STUCK AT HOME
Unlike many of you in the taxi and limo businesses, I have the luxury, if you can call it that, of being able to stay at home, ostensibly keeping myself, my wife and potentially others safe in these very difficult times.
Days blur into each other. I have to make a conscious effort to figure out just which day of the week it is. It is a very odd situation to be in for a guy how used to make keeping track of time and days, at almost a fetish level. I no longer have to deal with deadlines for getting stories written and ready for the printer.
I no longer am measuring where I am in the week by Thursdays, when the Toronto Licensing Tribunal meets in normal circumstances. Or by Wednesday mornings, when a group of us meet at a golf course and enjoy the game and each others company, engaging in shared misery punctuated by the occasional triumph.
If this is a foreshadowing of actual retirement, then I am not sure I am comfortable with it.
My wife in a real sense is very lucky (or not, depending on your point of view). She is working from home, spending endless ours on her computer, the telephone or both. In normal times she would be spending 10 or more hours a day working at an office. Now she is spending 12 or more hours a day working from home. This is 7 days a week. Things are going on at her work for her that are intensely time-consuming and she needs to put in those hours. I am not sure how long she can keep up this pace, but she tells me others she deals with are putting in even longer hours. Wow.
For both of us, the simple chore of going out to get groceries is a very welcome respite from our home. When did that become a high point of a day or week?
We’ve now been cooped up since March 19, when we cut short a planned holiday and immediately went into self-quarantine, initially for2 weeks, but as we know, that two weeks has kind of expanded.
Amazingly we apparently still like each other, and still find time to discover things to laugh about.
But this is not what far too many of you are doing.

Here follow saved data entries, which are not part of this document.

lemma d_alpha_eq_integral:
  fixes f :: "real^'n \<Rightarrow> real \<Rightarrow> real" and g :: "real^'n \<Rightarrow> real"
  assumes le: "\<forall>k. \<xi> $ k \<le> \<eta> $ k" and \<alpha>: "\<forall>k. 1 \<le> \<alpha> k \<and> \<alpha> k \<le> N k"
    and cont_g: "continuous_on UNIV g" and graph: "sign_changes_at_graph f g pos (cbox \<xi> \<eta>) r s"
  shows "d_alpha f (if pos then 1 else -1) {r..s} \<xi> \<eta> N \<alpha> = integral (R_alpha \<xi> \<eta> N \<alpha>) g"
proof -
  obtain lo hi :: "real^'n" where R: "R_alpha \<xi> \<eta> N \<alpha> = cbox lo hi"
    unfolding R_alpha_def by blast
  have sub: "cbox lo hi \<subseteq> cbox \<xi> \<eta>"
    using R_alpha_subset_cbox[OF le \<alpha>] by (simp add: R)
  have "\<xi> \<in> cbox \<xi> \<eta>"
    using le by (simp add: mem_box_cart)
  then have rs: "r < s"
    using graph unfolding sign_changes_at_graph_def by force
  have g_between: "r \<le> g x \<and> g x \<le> s" if "x \<in> cbox lo hi" for x
    using graph sub that unfolding sign_changes_at_graph_def by force
  have Theta: "Theta_y f x y = (if pos then (if g x \<le> y then 1 else 0) else (if y \<le> g x then 1 else 0))"
    if "x \<in> cbox lo hi" "y \<in> {r..s}" for x y
  proof -
    have "0 \<le> f x y \<longleftrightarrow> (if pos then g x \<le> y else y \<le> g x)"
      using graph sub that unfolding sign_changes_at_graph_def by blast
    then show ?thesis
      by (simp add: Theta_y_def)
  qed
  have g_int: "g integrable_on cbox lo hi"
    by (intro integrable_continuous continuous_on_subset[OF cont_g]) auto
  let ?m = "measure lborel (cbox lo hi)"
  have m: "?m = (\<Prod>k\<in>UNIV. Delta \<xi> \<eta> N k)"
    using measure_R_alpha[OF le, of N \<alpha>] by (simp add: R)
  let ?\<Theta> = "\<lambda>z. Theta_y f (fst z) (snd z)"
  show ?thesis
  proof (cases pos)
    case True
    have "integral (cbox lo hi \<times> {r..s}) ?\<Theta> = integral (cbox lo hi) (\<lambda>x. s - g x)"
      by (rule integral_between_graphs[OF cont_g continuous_on_const])
        (use g_between Theta True in auto)
    also have "\<dots> = ?m * s - integral (cbox lo hi) g"
      using integral_diff[OF integrable_const g_int] by simp
    finally show ?thesis
      using True rs unfolding d_alpha_def R m by simp
  next
    case False
    have "integral (cbox lo hi \<times> {r..s}) ?\<Theta> = integral (cbox lo hi) (\<lambda>x. g x - r)"
      by (rule integral_between_graphs[OF continuous_on_const cont_g])
        (use g_between Theta False in auto)
    also have "\<dots> = integral (cbox lo hi) g - ?m * r"
      using integral_diff[OF g_int integrable_const] by simp
    finally show ?thesis
      using False rs unfolding d_alpha_def R m by simp
  qed
qed
text \<open>
  Write Q_k(p) = h_k (A^(k-1))^-1 h_k^H for the effective gain of user k; it depends only on
  the powers of users 1, ..., k-1. Split h_k^H = v_k + sum_{j<k} c_kj h_j^H with v_k orthogonal
  to the earlier channels; linear independence makes v_k nonzero. Solving A y = h_k^H shows
  |v_k|^2 <= Q_k(p) <= |h_k|^2, and Q_k(p) <= |v_k|^2 + sum_j |c_kj|^2 / m once all earlier
  powers are at least m.

  Every feasible allocation is compared with sum_k mu_k ln (1 + mu_k P |v_k|^2), which the
  proportional allocation P_k = mu_k P exceeds. If every user of positive weight gets power at
  least delta P, then so does every user decoded before it (the weights decrease), its gain is
  within a factor 1 + eps of |v_k|^2, and ln x <= x - 1 bounds the excess by eps + O(1/P).
  Otherwise some user of positive weight is starved: for small delta its term falls below the
  reference by more than all other users together can gain, as their gains lie between |v_k|^2
  and |h_k|^2.
\<close>

lemma mult_le_weighted_squares:
  fixes a b m :: real
  assumes "0 < m"
  shows "a * b \<le> (a\<^sup>2 / m + m * b\<^sup>2) / 2"
proof -
  have "2 * m * (a * b) \<le> a\<^sup>2 + (m * b)\<^sup>2"
    using sum_squares_bound[of a "m * b"] by (simp add: algebra_simps)
  then show ?thesis
    using assms by (simp add: field_simps power2_eq_square)
qed
(* Let $0<q<1$, $n\ge 1$, and let $a_j,b_j$ ($1\le j\le n$) be non-negative integers. Then \[ \zeta\big[a_1+2,\{1\}^{b_1},\dots,a_n+2,\{1\}^{b_n}\big] = \zeta\big[b_n+2,\{1\}^{a_n},\,b_{n-1}+2,\{1\}^{a_{n-1}},\dots,b_1+2,\{1\}^{a_1}\big]. \]
   Context: Fix $0<q<1$. For real $x$, $[x]_q := (1-q^x)/(1-q)$. For positive integers $s_1,\dots,s_N$ with $s_1>1$, $\zeta[s_1,\dots,s_N] := \sum_{k_1>\cdots>k_N>0}\prod_{j=1}^N q^{(s_j-1)k_j}/[k_j]_q^{s_j}$ (sum over positive integers). $\{1\}^b$ denotes $b$ consecutive copies of $1$ in an argument list (empty if $b=0$). *)

theory Defs
  imports "HOL-Analysis.Analysis"
begin

definition qint :: "real \<Rightarrow> real \<Rightarrow> real" where
  "qint q x = (1 - q powr x) / (1 - q)"

definition qmzv_index :: "nat \<Rightarrow> nat list set" where
  "qmzv_index N = {ks. length ks = N \<and> sorted_wrt (>) ks \<and> (\<forall>k\<in>set ks. k > 0)}"

definition qmzv :: "real \<Rightarrow> nat list \<Rightarrow> real" where
  "qmzv q s = (\<Sum>\<^sub>\<infinity>ks\<in>qmzv_index (length s).
      \<Prod>j<length s. q ^ ((s!j - 1) * ks!j) / (qint q (real (ks!j))) ^ (s!j))"

end

theory Submission
  imports Defs
begin

text \<open>Encode an index \<open>(s_1, ..., s_N)\<close> by the word \<open>X^(s_1-1) Y ... X^(s_N-1) Y\<close>; the two sides
  of the corollary then belong to a word and its dual (reversed, with \<open>X\<close> and \<open>Y\<close> swapped).
  The proof uses connected sums: for words \<open>u, v\<close> let \<open>Z(u, v)\<close> be the sum over \<open>m, n\<close> of
  \<open>f_u(m) C(m, n) f_v(n)\<close>, where \<open>f_w(m)\<close> collects the terms of the multiple sum of \<open>w\<close> with
  first index \<open>m\<close> and \<open>C(m, n) = q^(mn) [m]! [n]! / [m+n]!\<close>. Since \<open>C(m, 0) = 1\<close>, both
  \<open>Z(w, [])\<close> and \<open>Z([], w)\<close> are the q-MZV of \<open>w\<close>. The identity \<open>[m+n] = [m] + q^m [n]\<close> makes
  \<open>C(m, n)/[n] = q^m/[m] (C(m, n-1) - C(m, n))\<close>, which telescopes to \<open>Z(X u, v) = Z(u, Y v)\<close>;
  moving the letters of \<open>w\<close> across one at a time turns \<open>Z(w, [])\<close> into \<open>Z([], dual w)\<close>.\<close>

section \<open>q-integers and the connector\<close>

definition qnat :: "real \<Rightarrow> nat \<Rightarrow> real" where
  "qnat q k = (1 - q ^ k) / (1 - q)"

definition qfact :: "real \<Rightarrow> nat \<Rightarrow> real" where
  "qfact q k = (\<Prod>i = 1..k. qnat q i)"

definition connector :: "real \<Rightarrow> nat \<Rightarrow> nat \<Rightarrow> real" where
  "connector q m n = q ^ (m * n) * qfact q m * qfact q n / qfact q (m + n)"

lemma qint_of_nat: "0 < q \<Longrightarrow> qint q (real k) = qnat q k"
  by (simp add: qint_def qnat_def powr_realpow)

lemma qnat_0 [simp]: "qnat q 0 = 0"
  by (simp add: qnat_def)

lemma qnat_add: "q < 1 \<Longrightarrow> qnat q (m + k) = qnat q m + q ^ m * qnat q k"
  by (simp add: qnat_def power_add field_simps)

lemma qnat_ge_1:
  assumes "0 < q" "q < 1" "k \<ge> 1"
  shows "qnat q k \<ge> 1"
proof -
  have "q ^ k \<le> q" using assms power_decreasing[of 1 k q] by simp
  then show ?thesis using assms by (simp add: qnat_def field_simps)
qed

lemma qnat_pos: "0 < q \<Longrightarrow> q < 1 \<Longrightarrow> k \<ge> 1 \<Longrightarrow> qnat q k > 0"
  using qnat_ge_1[of q k] by linarith

lemma qnat_nonneg: "0 < q \<Longrightarrow> q < 1 \<Longrightarrow> qnat q k \<ge> 0"
  using qnat_pos[of q k] by (cases "k = 0") auto

lemma qfact_0 [simp]: "qfact q 0 = 1"
  by (simp add: qfact_def)

lemma qfact_Suc: "qfact q (Suc k) = qfact q k * qnat q (Suc k)"
  by (simp add: qfact_def)

lemma qfact_pos: "0 < q \<Longrightarrow> q < 1 \<Longrightarrow> qfact q k > 0"
  by (induction k) (auto simp: qfact_Suc qnat_pos)

lemma qfact_le_add: "0 < q \<Longrightarrow> q < 1 \<Longrightarrow> qfact q k \<le> qfact q (j + k)"
proof (induction j)
  case (Suc j)
  have "qfact q (j + k) \<le> qfact q (j + k) * qnat q (Suc (j + k))"
    using qnat_ge_1[of q "Suc (j + k)"] qfact_pos[of q "j + k"] Suc.prems by simp
  then show ?case using Suc by (simp add: qfact_Suc)
qed simp

lemma connector_commute: "connector q m n = connector q n m"
  by (simp add: connector_def mult_ac add.commute)

lemma connector_0_right: "0 < q \<Longrightarrow> q < 1 \<Longrightarrow> connector q m 0 = 1"
  using qfact_pos[of q m] by (simp add: connector_def)

lemma connector_nonneg: "0 < q \<Longrightarrow> q < 1 \<Longrightarrow> connector q m n \<ge> 0"
  using qfact_pos[of q] by (simp add: connector_def less_imp_le)

lemma connector_Suc:
  assumes q: "0 < q" "q < 1" and m: "m \<ge> 1"
  shows "connector q m (Suc n) / qnat q (Suc n)
       = q ^ m / qnat q m * (connector q m n - connector q m (Suc n))"
proof -
  define A B D where "A = qnat q m" and "B = qnat q (Suc n)" and "D = qnat q (Suc (m + n))"
  have pos: "A > 0" "B > 0" "D > 0" "qfact q (m + n) > 0" "qfact q m > 0" "qfact q n > 0"
    using qnat_pos[OF q] qfact_pos[OF q] m by (auto simp: A_def B_def D_def)
  have D: "D = A + q ^ m * B"
    using qnat_add[of q m "Suc n"] q by (simp add: A_def B_def D_def)
  have Suc_eq: "connector q m (Suc n) = connector q m n * q ^ m * B / D"
    using pos by (simp add: connector_def qfact_Suc B_def D_def power_add field_simps)
  have "connector q m n - connector q m (Suc n) = connector q m n * A / D"
    using pos by (simp add: Suc_eq D field_simps)
  then show ?thesis
    using pos by (simp add: Suc_eq A_def[symmetric] B_def[symmetric])
qed

lemma connector_tendsto_0:
  assumes q: "0 < q" "q < 1" and m: "m \<ge> 1"
  shows "(\<lambda>n. connector q m n) \<longlonglongrightarrow> 0"
proof (rule tendsto_sandwich[of "\<lambda>_. 0" _ _ "\<lambda>n. qfact q m * (q ^ m) ^ n"])
  show "\<forall>\<^sub>F n in sequentially. 0 \<le> connector q m n"
    using connector_nonneg[OF q] by simp
  have "connector q m n \<le> qfact q m * (q ^ m) ^ n" for n
  proof -
    have "qfact q n / qfact q (m + n) \<le> 1"
      using qfact_le_add[OF q, of n m] qfact_pos[OF q] by simp
    then have "q ^ (m * n) * qfact q m * (qfact q n / qfact q (m + n)) \<le> q ^ (m * n) * qfact q m"
      using qfact_pos[OF q, of m] q by (intro mult_left_le) auto
    then show ?thesis
      by (simp add: connector_def power_mult mult_ac)
  qed
  then show "\<forall>\<^sub>F n in sequentially. connector q m n \<le> qfact q m * (q ^ m) ^ n"
    by simp
  have "q ^ m < 1"
    using q m by (simp add: power_less_one_iff)
  then show "(\<lambda>n. qfact q m * (q ^ m) ^ n) \<longlonglongrightarrow> 0"
    using q by (intro tendsto_mult_right_zero LIMSEQ_power_zero) simp
qed simp

lemma connector_tail_sum:
  assumes q: "0 < q" "q < 1" and m: "m \<ge> 1"
  shows "(\<integral>\<^sup>+n. ennreal (connector q m n / qnat q n) * indicator {n'<..} n \<partial>count_space UNIV)
       = ennreal (q ^ m / qnat q m * connector q m n')"
proof -
  define h where "h n = (if n' < n then connector q m n / qnat q n else 0)" for n
  define L where "L = q ^ m / qnat q m * connector q m n'"
  have h_nonneg: "h n \<ge> 0" for n
    using connector_nonneg[OF q] qnat_nonneg[OF q] by (simp add: h_def)
  have "L \<ge> 0"
    using connector_nonneg[OF q] qnat_nonneg[OF q] q by (simp add: L_def)
  have "(\<lambda>i. connector q m (i + n')) \<longlonglongrightarrow> 0"
    using LIMSEQ_ignore_initial_segment[OF connector_tendsto_0[OF q m]] by simp
  then have "(\<lambda>i. connector q m (i + n') - connector q m (Suc i + n')) sums connector q m n'"
    using telescope_sums' by fastforce
  then have "(\<lambda>i. q ^ m / qnat q m * (connector q m (i + n') - connector q m (Suc i + n'))) sums L"
    unfolding L_def by (rule sums_mult)
  moreover have "h (i + Suc n') = q ^ m / qnat q m * (connector q m (i + n') - connector q m (Suc i + n'))" for i
    using connector_Suc[OF q m, of "i + n'"] by (simp add: h_def)
  ultimately have "(\<lambda>i. h (i + Suc n')) sums L"
    by simp
  moreover have "sum h {..<Suc n'} = 0"
    by (simp add: h_def)
  ultimately have "h sums L"
    using sums_iff_shift[of h "Suc n'" L] by simp
  then have "(\<Sum>i. ennreal (h i)) = ennreal L"
    using h_nonneg \<open>L \<ge> 0\<close> by (simp add: sums_unique[symmetric])
  moreover have "ennreal (connector q m n / qnat q n) * indicator {n'<..} n = ennreal (h n)" for n
    by (simp add: h_def indicator_def)
  ultimately show ?thesis
    by (simp add: nn_integral_count_space_nat L_def)
qed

You are, in fact, working, providing that incredible service to people who need to get around like regular passengers and the disabled.
Of course, I do watch the news, though the boob tube is not, amazingly, a big part of life these days. So I am hearing about the 10 drivers who have allegedly died from this Covid-10 virus.

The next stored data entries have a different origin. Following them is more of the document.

lemma proper_fun_prox_finite:
  assumes "proper_fun g" and "x \<in> prox \<gamma> g z"
  shows "\<bar>g x\<bar> \<noteq> \<infinity>"
proof -
  obtain y where "g y \<noteq> \<infinity>" and "g x \<noteq> -\<infinity>"
    using assms(1) unfolding proper_fun_def by blast
  moreover have "g x \<le> g y + ereal ((norm (y - z)^2 - norm (x - z)^2) / (2*\<gamma>))"
    using assms(2) unfolding mem_prox_iff by blast
  ultimately show ?thesis
    by (cases "g x"; cases "g y") auto
qed

lemma zero_mem_frechet_subdiff_of_quadratic_growth:
  fixes g :: "'a::real_inner \<Rightarrow> ereal"
  assumes fin: "\<bar>g x\<bar> \<noteq> \<infinity>" and "c \<ge> 0"
    and growth: "\<And>y. g x \<le> g y + ereal (c * norm (y - x)^2)"
  shows "0 \<in> frechet_subdiff g x"
  unfolding frechet_subdiff_def mem_Collect_eq
proof (intro conjI fin allI impI)
  fix \<epsilon> :: real assume "\<epsilon> > 0"
  show "\<exists>\<delta>>0. \<forall>y. norm (y - x) < \<delta> \<longrightarrow> g x + ereal (0 \<bullet> (y - x) - \<epsilon> * norm (y - x)) \<le> g y"
  proof (intro exI[of _ "\<epsilon> / (c + 1)"] conjI allI impI)
    show "\<epsilon> / (c + 1) > 0"
      using \<open>\<epsilon> > 0\<close> \<open>c \<ge> 0\<close> by simp
    fix y assume "norm (y - x) < \<epsilon> / (c + 1)"
    then have "c * norm (y - x) + norm (y - x) < \<epsilon>"
      using \<open>c \<ge> 0\<close> by (simp add: field_simps)
    then have "c * norm (y - x) \<le> \<epsilon>"
      using norm_ge_zero[of "y - x"] by linarith
    then have "c * norm (y - x)^2 \<le> \<epsilon> * norm (y - x)"
      by (simp add: power2_eq_square mult_right_mono flip: mult.assoc)
    then show "g x + ereal (0 \<bullet> (y - x) - \<epsilon> * norm (y - x)) \<le> g y"
      using growth[of y] fin by (cases "g x"; cases "g y") auto
  qed
qed

lemma frechet_subdiff_subset_limiting:
  "frechet_subdiff f x \<subseteq> limiting_subdiff f x"
proof
  fix v assume v: "v \<in> frechet_subdiff f x"
  then have "\<bar>f x\<bar> \<noteq> \<infinity>"
    by (simp add: frechet_subdiff_def)
  with v show "v \<in> limiting_subdiff f x"
    unfolding limiting_subdiff_def by (intro CollectI conjI exI[of _ "\<lambda>k. x"] exI[of _ "\<lambda>k. v"]) auto
qed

Truly, I do have a horrible feeling there may be more than have been reported, both at the airport, and among regular cab drivers who are daily putting themselves at huge risk ferrying people around, doing their jobs.

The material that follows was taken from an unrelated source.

(* Let $0<r<\infty$, $N\in\mathbb N$, and for each of the seven types $R_N=A_N,B_N,B_N^\vee,C_N,C_N^\vee,BC_N,D_N$ consider the determinantal point process whose correlation kernel at time $t\in(0,t_\ast)$ is $K_t^{R_N}(x,y;t_\ast,r)=\sum_{n=1}^N \frac{1}{m^{R_N}_n(t_\ast)}M^{R_N}_n(x,t)\overline{M^{R_N}_n(y,t_\ast-t)}$ (on $[0,2\pi r)$ for $A_N$, on $[0,\pi r]$ otherwise). Put $t=t_\ast/2$. In the limit $t_\ast\to\infty$, these seven determinantal point processes degenerate into four types of determinantal point processes, with correlation kernels $K^{A_N}(x,y;r)=\frac{1}{2\pi r}\frac{\sin\{N(x-y)/2r\}}{\sin\{(x-y)/2r\}}$, $x,y\in[0,2\pi r)$ (limit for $A_N$); $K^{B_N}(x,y;r)=\frac{1}{2\pi r}\Big[\frac{\sin\{N(x-y)/r\}}{\sin\{(x-y)/2r\}}-\frac{\sin\{N(x+y)/r\}}{\sin\{(x+y)/2r\}}\Big]$, $x,y\in[0,\pi r]$ (common limit for $B_N$, $BC_N$, $C_N^\vee$); $K^{C_N}(x,y;r)=\frac{1}{2\pi r}\Big[\frac{\sin\{(2N+1)(x-y)/2r\}}{\sin\{(x-y)/2r\}}-\frac{\sin\{(2N+1)(x+y)/2r\}}{\sin\{(x+y)/2r\}}\Big]$, $x,y\in[0,\pi r]$ (common limit for $C_N$, $B_N^\vee$); $K^{D_N}(x,y;r)=\frac{1}{2\pi r}\Big[\frac{\sin\{(2N-1)(x-y)/2r\}}{\sin\{(x-y)/2r\}}+\frac{\sin\{(2N-1)(x+y)/2r\}}{\sin\{(x+y)/2r\}}\Big]$, $x,y\in[0,\pi r]$ (limit for $D_N$).
   Context: Jacobi theta functions: $\vartheta_1(v;\tau)=2\sum_{n\ge1}(-1)^{n-1}e^{\tau\pi i(n-1/2)^2}\sin\{(2n-1)\pi v\}$, $\vartheta_2(v;\tau)=2\sum_{n\ge1}e^{\tau\pi i(n-1/2)^2}\cos\{(2n-1)\pi v\}$, $\Im\tau>0$. Set $\xi(x)=x/(2\pi r)$, $\tau(t)=it/(2\pi r^2)$. Let $J^{R_N}(j)=j-1/2$ for $A_N,C_N^\vee$; $j-1$ for $B_N,B_N^\vee,D_N$; $j$ for $C_N,BC_N$. Let $\mathcal N^{R_N}=N$ ($A_N$), $2N-1$ ($B_N$), $2N$ ($B_N^\vee,C_N^\vee$), $2(N+1)$ ($C_N$), $2N+1$ ($BC_N$), $2(N-1)$ ($D_N$). Writing $J=J^{R_N}(j)$, $\mathcal N=\mathcal N^{R_N}$: $M^{A_N}_j(x,t)=e^{2\pi iJ\xi(x)}\vartheta_2(\mathcal N\{J\tau(t)+\xi(x)\};\mathcal N^2\tau(t))$; for $B_N,B_N^\vee$: $M_j=e^{2\pi iJ\xi(x)}\vartheta_1(\mathcal N\{J\tau(t)+\xi(x)\};\mathcal N^2\tau(t))-e^{-2\pi iJ\xi(x)}\vartheta_1(\mathcal N\{J\tau(t)-\xi(x)\};\mathcal N^2\tau(t))$; for $C_N,C_N^\vee,BC_N$: same with $\vartheta_2$ in place of $\vartheta_1$; for $D_N$: same with $\vartheta_2$ and a plus sign between the two terms. The constants are $m_j^{R_N}(t_\ast)=2\pi r\,\vartheta_2(\mathcal N J\tau(t_\ast);\mathcal N^2\tau(t_\ast))$ for $A_N,C_N,C_N^\vee,BC_N$; for $B_N,B_N^\vee$ the same except $m_1=4\pi r\,\vartheta_2(0;\mathcal N^2\tau(t_\ast))$; for $D_N$ the same except $m_1=4\pi r\,\vartheta_2(0;\mathcal N^2\tau(t_\ast))$ and $m_N=4\pi r\,\vartheta_2(\mathcal N(N-1)\tau(t_\ast);\mathcal N^2\tau(t_\ast))$. The point process has density on the Weyl alcove proportional to $\det_{j,k}[\overline{M_j^{R_N}(x_k,t_\ast-t)}]\det_{j,k}[M_j^{R_N}(x_k,t)]$, and is determinantal with the kernel $K_t^{R_N}$ stated in the claim. *)

theory Defs
  imports "HOL-Analysis.Analysis"
begin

We hear of vast sums of federal, provincial and municipal money being funneled to distressed businesses and individuals. But, oddly, very oddly indeed, I hear absolutely nothing about providing any kind of relief for taxi and limousine drives who are suffering just as badly as any other group.
I have to wonder why you are apparently being utterly forgotten, or deliberately ignored.
Lets have a quick look at the challenges you are facing. Insurance costs on your cars are still sky high, if you can find it at all. Yet what relief for you is offered by insurers or government? Zero that I have seen.
Taxi and limo license renewals are still due as scheduled. I’ve heard nothing about relief from our municipal government on this problem.
Cars are ending their useful lives and technically must be replaced. Have you been granted extensions on their replacement? I’ve heard zip so far.
Bylaw officers have been diverted to harassing citizens for not social distancing in parks, so perhaps fewer are out harassing you with expensive by-law tickets. But I have no doubt some are still “doing their jobs.”
Apparently, as far as taxis are concerned with the Toronto government, it is still all about the money, with no consideration for your welfare.
One bright light on the horizon is Uber is still bleeding money like mad, with a reported loss of $2.9 Billion in the first quarter. It is now rolling back some of its operations.
I have asked before and still have to ask, how long will Uber investors tolerate this kind of bleeding?
As well, Uber is being sued by California for not complying with recent law changes giving its drivers many of the rights of other workers. Of course Uber will tie up the thing in court for years, but we will see how that pans out.
Out on the street, in the rare times I have been out, I am surprised to see some drivers not even wearing masks, even with passengers in their cars.
I do wonder how good a job has been done of educating taxi and limo drivers on how to protect themselves and their passengers from each other. Or if they have been educated, I wonder then how many are really taking this whole thing as seriously as they should.
When this pandemic has passed, and it will, I’d like to see a whole bunch of really pointed questions directed at the authorities who have, at least to this pair of eyes, left you out in the cold to get sick and watch too many of you die.
Again, I’ve said this before: Toronto authorities consider taxi and limo drivers to be at the very best disposable people, easily replaced by the next batch of starry-eyed immigrants.
The absolute truth of this assessment is found by looking at how the city is treating you right now. It is sad, tragic and infuriating.
Please be safe out there, for the sake of yourselves, your families and your passengers.